Reducing carbon dioxide (CO2) to carbon monoxide (CO) through an electrochemical reaction holds strong potential for removing CO2 from the atmosphere to reduce pollution and for producing alternative energy with carbon monoxide as an ingredient. However, the current catalysts used in electrochemical carbon dioxide reduction reaction (CO2RR) are not efficient or selective enough to make CO2RR a practical solution. Now, a team of researchers from Fujian Institute of Research on the Structure of Matter of Chinese Academy of Sciences has developed a gold-based hybrid material by modifying gold nanoparticles with a macrocyclic compound called cucurbit[6]uril (CB[6]) that allows for more efficient CO2RR than previously possible.
The results were published in Nano Research on December 05, 2022.
"With this work, we hoped to solve the problem of environmental pollution and energy shortage through electrochemical conversion of carbon dioxide to value-added products," said corresponding author Minna Cao of the State Key Laboratory of Structural Chemistry, Fujian Institute of Research on the Structure of Matter, Chinese Academy of Sciences, and of the University of Chinese Academy of Sciences. "In order to enhance the local CO2 concentration on the catalysts' surface, we utilize macromolecule cucurbit[n]uril to functionalize gold surface, which is the distinguishing feature of our work from those that has been done before."

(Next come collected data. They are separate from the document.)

lemma adj_pairs_difference_ge:
  "int (card (adj_pairs F\<^sub>1)) - int (card (adj_pairs F)) \<ge>
      int (card (gstar_i g s i)) * ibinom (int n - int s) (int k - int i)
          * ibinom (int n - int s - int k + int i) 2
    + int (card (trace_pairs i)) * ibinom (int n - int s) (int k - int i + 1)
    + int (card (gstar_i g s i)) * (int s - int i + 1) * (int k - int i + 1)
          * ibinom (int n - int s) (int k - int i + 1)
    - int (card (gstar_i g s j)) * ibinom (int n - int s) (int k - int j - 1)
          * ibinom (int n - int s - int k + int j + 1) 2
    - int (card (trace_pairs j)) * ibinom (int n - int s) (int k - int j)
    - int (card (gstar_i g s j)) * (int s - int j) * (int k - int j + 1)
          * ibinom (int n - int s) (int k - int j)"
  using card_adj_pairs_F1_ge card_adj_pairs_F_le int_card_gained_tail_pairs
    int_card_gained_trace_pairs int_card_gained_crossing_pairs int_card_lost_tail_pairs_le
    int_card_lost_trace_pairs_le int_card_lost_crossing_pairs_le
  by linarith

end

lemma exchange_if_gen_sets_star:
  assumes "F \<subseteq> kfam n k" "left_compressed n F" "g \<in> gen_sets_star n k F"
    "gstar_i g (splus_fam g) i \<noteq> {}" "i \<noteq> j"
  shows "exchange n k (splus_fam g) F g i j"
proof -
  have g: "upset_fam n g \<inter> kfam n k = F" "\<And>G. G \<in> g \<Longrightarrow> G \<subseteq> {1..n} \<and> card G \<le> k"
    "g = minimal_elems g"
    using assms(3) unfolding gen_sets_star_def gen_sets_def by auto
  have "g \<subseteq> Pow {1..n}" using g(2) by blast
  then have "finite g" by (rule finite_subset) simp
  then have "G \<subseteq> {1..splus_fam g}" if "G \<in> g" for G
    using that g(2)[OF that] mem_le_splus_fam[OF \<open>finite g\<close> that] finite_subset by fastforce
  moreover have "splus_fam g \<le> n" using \<open>finite g\<close> g(2) by (intro splus_fam_le) auto
  moreover have "G' = G" if "G \<in> g" "G' \<in> g" "G' \<subseteq> G" for G G'
    using that g(3) unfolding minimal_elems_def by blast
  ultimately show ?thesis
    using assms g unfolding exchange_def exchange_axioms_def generated_family_def by blast
qed

theorem lemma3p2:
  fixes n k t i :: nat and F g :: "nat set set"
  assumes "F \<subseteq> kfam n k"
    and "left_compressed n F"
    and "t_intersecting t F"
    and "g \<in> gen_sets_star n k F"
    and "s = splus_fam g"
    and "gstar_i g s i \<noteq> {}"
    and "j = s + t - i"
    and "j \<noteq> i"
    and "F1 = (F \<union> Dfam n k (gstar_i' g s i)) - Dfam n k (gstar_i g s j)"
  shows "int (zeta (k - 1) F1 F1) - int (zeta (k - 1) F F) \<ge>
      int (card (gstar_i g s i)) * ibinom (int n - int s) (int k - int i)
          * ibinom (int n - int s - int k + int i) 2
    + int (zeta_v (i - 1) s (gstar_i g s i) (restrict_fam F s)) * ibinom (int n - int s) (int k - int i + 1)
    + int (card (gstar_i g s i)) * (int s - int i + 1) * (int k - int i + 1)
          * ibinom (int n - int s) (int k - int i + 1)
    - int (card (gstar_i g s j)) * ibinom (int n - int s) (int k - int j - 1)
          * ibinom (int n - int s - int k + int j + 1) 2
    - int (zeta_v (j - 1) s (gstar_i g s j) (restrict_fam F s)) * ibinom (int n - int s) (int k - int j)
    - int (card (gstar_i g s j)) * (int s - int j) * (int k - int j + 1)
          * ibinom (int n - int s) (int k - int j)"
proof -
  interpret exchange n k s F g i j
    using exchange_if_gen_sets_star[OF assms(1,2,4)] assms(5,6,8) by simp
  have "F1 = F\<^sub>1" unfolding assms(9) F\<^sub>1_def removed_def ..
  then show ?thesis
    using adj_pairs_difference_ge
    unfolding zeta_eq_card_adjacent_pairs zeta_v_eq_card_adjacent_pairs_at trace_pairs_def by simp
qed

end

According to the researchers, gold is known to be highly active in converting CO2 to CO relative to other catalysts. However, the binding energy of both CO2 and CO to the gold catalyst surface is positively correlated, which clashes with the need in CO2RR for CO2 adsorption and CO desorption, since the CO desorption does not occur due to the positive correlation of its binding energy to the catalyst.
The researchers created a controlled synthesis of nanoparticles by modifying CB[6]. CB[6] has negatively charged portals and positively charged surface, which helps contribute to the result of having the electronic interaction between CB[6] and metal regulate the catalytic performance.